# I am/have hot



## Otrd

I Know this thead was spoken, but I would like to know what of these sentences are more common speaking:
I'm hot
or 
I have heat....
yo quiero decir "tengo calor"
it's a simply question, but I'm interested to know the answer...


----------



## rusita preciosa

Otrd said:


> I Know this thead was spoken, but I would like to know what of these sentences are more common speaking:
> I'm hot
> or
> I have heat....
> yo quiero decir "tengo calor"
> it's a simply question, but I'm interested to know the answer...


----------



## Otrd

Thanks rusita que preciosa eres!!


----------



## Sprache

Otrd said:


> I Know this thead was spoken, but I would like to know *which* of these sentences *is* more common *when *speaking:
> I'm hot
> or
> I have heat....
> yo quiero decir "tengo calor"
> it's a simpl*e* question, but I'm interested to know the answer...


Rusita is right. We never say _I have heat_. That doesn't make much sense.


----------



## StryKeRneL

some extra examples:

I'm cold = Tengo frío
I'm hungry = Tengo hambre
I'm sleepy = Tengo sueño


----------



## xabiachica

Sprache said:


> Rusita is right. We never say _I have heat_. That doesn't make much sense.


but remember that 'I'm hot' in english can have two meanings


----------



## StryKeRneL

xabiachica said:


> but remember that 'I'm hot' in english can have two meanings



Just as its literal translation in Spanish xD


----------



## xabiachica

StryKeRneL said:


> Just as its literal translation in Spanish xD


but two 'hots' make it easy in spanish 


or more confusing, depending upon your point of view, I suppose


----------



## rusita preciosa

xabiachica said:


> but remember that 'I'm hot' in english can have two meanings


 There is a third meaning (although not commonly used in the first person)
*he/she's hot* = very attractive /  good looking / sexy


----------



## NewdestinyX

rusita preciosa said:


> There is a third meaning (although not commonly used in the first person)
> *he/she's hot* = very attractive /  good looking / sexy


That's actually the '2nd' meaning that was being referred to. To my knowledge there are only 2 meanings.

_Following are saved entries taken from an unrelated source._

text \<open>On the fixed points of \<open>\<plusminus>T\<close>, the function \<open>\<langle>T x, x\<rangle> = \<plusminus>2\<close> separates the
  fixed points of \<open>-T\<close>, and the sign of the \<open>j\<close>-component separates \<open>X1\<close> from \<open>Y1\<close>.\<close>
lemma connected_fixed_points_X1_or_Y1:
  assumes C: "connected C" and c: "continuous_on C c" "c ` C \<subseteq> Sp1 \<times> Sp1"
    and fixed: "\<And>t. t \<in> C \<Longrightarrow> Tmap (c t) = c t \<or> Tmap (c t) = - c t"
    and t0: "t0 \<in> C" "c t0 \<in> X1 \<union> Y1"
  shows "c ` C \<subseteq> X1 \<or> c ` C \<subseteq> Y1"
proof -
  define \<phi> where "\<phi> x = fst (Tmap x) \<bullet> fst x + snd (Tmap x) \<bullet> snd x" for x
  have \<phi>: "\<phi> (c t) = 2" if "t \<in> C" "Tmap (c t) = c t" for t
    using that c(2) unfolding \<phi>_def by (auto simp: Sp1_def simp flip: power2_norm_eq_inner)
  have \<phi>': "\<phi> (c t) = -2" if "t \<in> C" "Tmap (c t) = - c t" for t
    using that c(2) unfolding \<phi>_def by (auto simp: Sp1_def simp flip: power2_norm_eq_inner)
  have "continuous_on C (\<lambda>t. \<phi> (c t))"
    unfolding \<phi>_def by (intro continuous_intros c)
  moreover have "(\<lambda>t. \<phi> (c t)) ` C \<subseteq> {2, -2}"
    using \<phi> \<phi>' fixed by fastforce
  moreover have "\<phi> (c t0) = -2"
    using t0 Tmap_X1_Y1 by (intro \<phi>') auto
  ultimately have "\<phi> (c t) = -2" if "t \<in> C" for t
    using continuous_two_valued_eq[OF C _ _ that t0(1)] by metis
  then have XY: "c t \<in> X1 \<union> Y1" if "t \<in> C" for t
    using that fixed[OF that] \<phi>[OF that] c(2) Tmap_eq_uminus_iff by fastforce
  have "continuous_on C (\<lambda>t. snd (c t) $ 3)"
    by (intro continuous_intros c)
  moreover have "(\<lambda>t. snd (c t) $ 3) ` C \<subseteq> {1, -1}"
    using XY snd_X1 snd_Y1 by blast
  ultimately have j: "snd (c t) $ 3 = snd (c t0) $ 3" if "t \<in> C" for t
    using continuous_two_valued_eq[OF C _ _ that t0(1)] by metis
  show ?thesis
  proof (cases "c t0 \<in> X1")
    case True
    then have "c t \<in> X1" if "t \<in> C" for t
      using XY[OF that] j[OF that] snd_X1 snd_Y1 by fastforce
    then show ?thesis by blast
  next
    case False
    then have "c t \<in> Y1" if "t \<in> C" for t
      using XY[OF that] j[OF that] t0(2) snd_X1 snd_Y1 by fastforce
    then show ?thesis by blast
  qed
qed

lemma lift_of_constant:
  assumes "is_lift L (\<lambda>k. A)"
  shows "L k = L 0"
proof -
  have "is_lift (\<lambda>k. L 0) (\<lambda>k. A)"
    using is_liftD[OF assms] by (intro is_liftI) auto
  then show ?thesis
    using lift_unique[OF _ assms, of "\<lambda>k. L 0" 0] by (metis)
qed

text \<open>At \<open>k = 0, \<pi>\<close> every loop of a symmetric homotopy satisfies \<open>V (-k) = V k\<close>, so the
  lift there is fixed by \<open>\<plusminus>T\<close> and cannot move from \<open>X1\<close> to \<open>Y1\<close>.\<close>
lemma lifted_homotopy_X1_iff:
  assumes H: "symmetric_homotopy H" and contG: "continuous_on (UNIV \<times> {0..1}) G"
    and slice: "\<And>t. t \<in> {0..1} \<Longrightarrow> is_lift (\<lambda>k. G (k,t)) (\<lambda>k. H (k,t))"
    and k: "k = 0 \<or> k = pi" and Gk0: "G (k,0) \<in> X1 \<union> Y1"
  shows "G (k,1) \<in> X1 \<longleftrightarrow> G (k,0) \<in> X1"
proof -
  have "(\<lambda>t. G (k,t)) ` {0..1} \<subseteq> X1 \<or> (\<lambda>t. G (k,t)) ` {0..1} \<subseteq> Y1"
  proof (rule connected_fixed_points_X1_or_Y1)
    show "continuous_on {0..1} (\<lambda>t. G (k,t))"
      by (rule continuous_on_compose2[OF contG]) (auto intro: continuous_intros)
    show "(\<lambda>t. G (k,t)) ` {0..1} \<subseteq> Sp1 \<times> Sp1"
      using is_liftD(2)[OF slice] by blast
    show "Tmap (G (k,t)) = G (k,t) \<or> Tmap (G (k,t)) = - G (k,t)" if "t \<in> {0..1}" for t
    proof (rule lift_at_symmetric_point[OF _ slice[OF that]])
      show Ht: "symmetric_loop (\<lambda>k. H (k,t))"
        using H that by (simp add: symmetric_homotopy_def)
      show "H (-k,t) = H (k,t)"
        using k symmetric_loop_at_pi[OF Ht] by auto
    qed
  qed (use Gk0 in auto)
  moreover have "G (k,0) \<in> (\<lambda>t. G (k,t)) ` {0..1}" "G (k,1) \<in> (\<lambda>t. G (k,t)) ` {0..1}"
    by auto
  ultimately show ?thesis
    using X1_Y1_disjoint by blast
qed

lemma sym_homotopic_diag1m1_imp_X1:
  assumes V: "symmetric_loop W" and L: "is_lift L W" and L0: "L 0 \<in> X1"
    and Lpi: "L pi \<in> X1 \<union> Y1" and SH: "sym_homotopic W (\<lambda>k. diag1m1)"
  shows "L pi \<in> X1"
proof -
  obtain H where H: "symmetric_homotopy H" and H0: "\<And>k. H (k,0) = W k"
    and H1: "\<And>k. H (k,1) = diag1m1"
    using SH by (auto simp: sym_homotopic_def)
  have "pmap (L 0) = H (0,0)"
    using is_liftD(3)[OF L] H0 by simp
  then obtain G where G00: "G (0,0) = L 0" and contG: "continuous_on (UNIV \<times> {0..1}) G"
    and slice: "\<And>t. t \<in> {0..1} \<Longrightarrow> is_lift (\<lambda>k. G (k,t)) (\<lambda>k. H (k,t))"
    using lift_symmetric_homotopy[OF H is_liftD(2)[OF L]] by blast
  have "(\<lambda>k. G (k,0)) = L"
    using slice[of 0] H0 G00 by (intro lift_unique[OF _ L, of "\<lambda>k. G (k,0)" 0]) simp_all
  then have G0: "G (k,0) = L k" for k by metis
  have "is_lift (\<lambda>k. G (k,1)) (\<lambda>k. diag1m1)"
    using slice[of 1] H1 by simp
  then have "G (pi,1) = G (0,1)"
    by (rule lift_of_constant)
  have X1_iff: "G (k,1) \<in> X1 \<longleftrightarrow> G (k,0) \<in> X1" if "k = 0 \<or> k = pi" for k
    by (rule lifted_homotopy_X1_iff[OF H contG slice]) (use that G0 L0 Lpi in auto)
  have "G (0,1) \<in> X1"
    using X1_iff[of 0] G0 L0 by simp
  with \<open>G (pi,1) = G (0,1)\<close> show ?thesis
    using X1_iff[of pi] G0 by simp
qed
lemma arr_regions_eq:
  assumes "CARD('n::finite) \<ge> 2"
  shows "arr_regions (ambientA :: (real^'n) set) arrA = {chamber I | I. chamber I \<noteq> {}}"
proof (intro subset_antisym subsetI)
  fix R assume "R \<in> arr_regions (ambientA :: (real^'n) set) arrA"
  then obtain x where x: "x \<in> {x \<in> zero_sum_space UNIV. \<forall>a. x$a \<noteq> 0}"
      and R: "R = connected_component_set {x \<in> zero_sum_space UNIV. \<forall>a. x$a \<noteq> 0} x"
    unfolding arr_regions_def ambientA_minus_arrA[OF assms] components_iff by blast
  then have "R = chamber {a. 0 < x$a}"
    by (simp add: connected_component_nonzero_coords)
  moreover have "x \<in> R"
    using x R by simp
  ultimately show "R \<in> {chamber I | I. chamber I \<noteq> {}}"
    by blast
next
  fix R assume "R \<in> {chamber I | I :: 'n set. chamber I \<noteq> {}}"
  then obtain I x where R: "R = chamber I" and x: "x \<in> chamber I"
    by blast
  then have x_in: "x \<in> {x \<in> zero_sum_space UNIV. \<forall>a. x$a \<noteq> 0}"
    using chamber_subset_nonzero_coords by blast
  then have "R = connected_component_set {x \<in> zero_sum_space UNIV. \<forall>a. x$a \<noteq> 0} x"
    using R chamber_eq_positive_coords[OF x] by (simp add: connected_component_nonzero_coords)
  then show "R \<in> arr_regions ambientA arrA"
    unfolding arr_regions_def ambientA_minus_arrA[OF assms] components_iff
    using x_in by (intro exI[of _ x]) simp
qed
(* Let $P$ be a multiprogram in which at most one thread per process calls deliver, and let $\widehat C$ be a finite computation of $\mathrm{TS}(P)$ satisfying $\mathrm{NW}$. Let $m_1,m_2$ be ORD messages carrying labels $g$ and $h$ with $h\neq\bot$ and queue elements $qe_1,qe_2$ respectively, with $qe_1.ts\le qe_2.ts$. Then for every process $\widehat p$ that performs an extractmin on $\mathrm{priorityQ}[h]$ returning $qe_2$, the enqueue by $\widehat p$ of $qe_1$ (into $\mathrm{priorityQ}[g]$ if $g\ne\bot$, or into the appropriate FIFO queue if $g=\bot$) precedes that extractmin in $\widehat p$'s program order.
   Context: $\mathrm{NW}$ (message-passing network model): processes communicate by $\mathrm{send}(s,d,m)$/$\mathrm{recv}(s,d,m)$ of uniquely identified messages; messages from a given sender to a given receiver are received in the order sent (FIFO channels), each message is received at most once and only after being sent; threads within a process share local variables whose accesses are sequentially consistent. Formally $\mathrm{NW}(C)$ holds iff for each process there is a valid total order of its operations extending $\to_{\mathrm{HappensBefore}}$, the transitive closure of program order, send-before-receive, FIFO-channel order, and writes-into order on local variables; and messages are received iff sent. The timestamp transformation $\mathrm{TS}$. Each process $\widehat p$ has: integer local-counter (initially 0); arrays $\mathrm{counter}[\cdot]$ and $T[\cdot]$ indexed by processes, initially 0; a priority queue $\mathrm{priorityQ}[l]$ for each label $l\in L$ ordered by (timestamp, source) lexicographically; a FIFO queue $\mathrm{fifoQ}[\widehat q]$ for each process $\widehat q$. Queue elements are $[u,ts,c,src]$. $\mathrm{bcast}(u,l)$ ($l\in L\cup\{\bot\}$): send $[\mathrm{LBR},u,l]$ to $\widehat p$ itself. ProcessQueueElement$(qe,l,s)$: enqueue $qe$ into $\mathrm{priorityQ}[l]$ if $l\neq\bot$, else into $\mathrm{fifoQ}[s]$. HandleMessage: receive a message from some $\widehat s$; if $[\mathrm{LBR},u,l]$: $T[\widehat p]\gets T[\widehat p]+1$, local-counter $\gets$ local-counter$+1$, $qe\gets[u,T[\widehat p],\text{local-counter},\widehat p]$, ProcessQueueElement$(qe,l,\widehat p)$, send $[\mathrm{ORD},l,qe]$ to every other process; if $[\mathrm{TSUPD},t,\widehat q]$: $T[\widehat q]\gets t$; if $[\mathrm{ORD},l,qe]$: $T[\widehat s]\gets qe.ts$, ProcessQueueElement$(qe,l,\widehat s)$, and if $qe.ts>T[\widehat p]$ then $T[\widehat p]\gets qe.ts$ and send $[\mathrm{TSUPD},T[\widehat p],\widehat p]$ to every other process. CanExtract$(\mathrm{priorityQ}[l])$ holds iff the queue is nonempty and its minimum $qe$ satisfies $qe.c=\mathrm{counter}[qe.src]+1$ and $qe.ts\le T[\widehat q]$ for all $\widehat q$. CanDequeue$(\mathrm{fifoQ}[\widehat q])$ holds iff nonempty and its head $qe$ satisfies $qe.c=\mathrm{counter}[qe.src]+1$. deliver: while no priority queue satisfies CanExtract and no FIFO queue satisfies CanDequeue, call HandleMessage; then remove an element $qe$ from such a queue (extractmin, or FIFO dequeue), set $\mathrm{counter}[qe.src]\gets qe.c$, and return $qe.u$ with its label ($\bot$ for FIFO). Reads/writes of the original program are mapped to themselves. A queue element $qe$ sent in an ORD message is the element created by its source $qe.src$ when handling an LBR message. *)

theory Defs
  imports "HOL-Library.Multiset"
begin

text \<open>
  Labels of type 'l; the label bottom is None.  Processes are of a
  finite linearly ordered type 'p (the order is used to break ties in the
  priority queues).  Each process has (at most) one deliver thread; its
  program order is the list of its atomic actions (a HandleMessage step, or
  the final extraction of a deliver call).  All TS data structures of a
  process are accessed only by that thread.
\<close>

datatype ('p, 'u) qelem = QE (qu: 'u) (qts: nat) (qc: nat) (qsrc: 'p)

datatype ('p, 'l, 'u) msg =
    LBR 'u "'l option"
  | ORD "'l option" "('p, 'u) qelem"
  | TSUPD nat 'p

datatype ('p, 'l) qid = PQ 'l | FQ 'p

record ('p, 'l, 'u) tsstate =
  lcnt :: nat
  counter :: "'p \<Rightarrow> nat"
  Tv :: "'p \<Rightarrow> nat"
  priorityQ :: "'l \<Rightarrow> ('p, 'u) qelem multiset"
  fifoQ :: "'p \<Rightarrow> ('p, 'u) qelem list"

datatype ('p, 'l, 'u) act =
    HandleMsg 'p "('p, 'l, 'u) msg"
  | ExtractMin 'l "('p, 'u) qelem"
  | Dequeue 'p

definition init_state :: "('p, 'l, 'u) tsstate" where
  "init_state = \<lparr>lcnt = 0, counter = (\<lambda>_. 0), Tv = (\<lambda>_. 0),
                 priorityQ = (\<lambda>_. {#}), fifoQ = (\<lambda>_. [])\<rparr>"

I'm hot (temperature that I perceive) = Tengo calor.
I'm/She's/He's hot (physically attractive) = Estoy/Está caliente.

Chao,
Grant


----------



## rusita preciosa

I thought *estar caliente* meant to be aroused/horny, hence the confusion between "2nd and 3rd" meanings


----------



## Otrd

If I would like to say: "tengo fiebre", it would be I'm hot, too?


----------



## rusita preciosa

Otrd said:


> If I would like to say: "tengo fiebre", it would be I'm hot, too?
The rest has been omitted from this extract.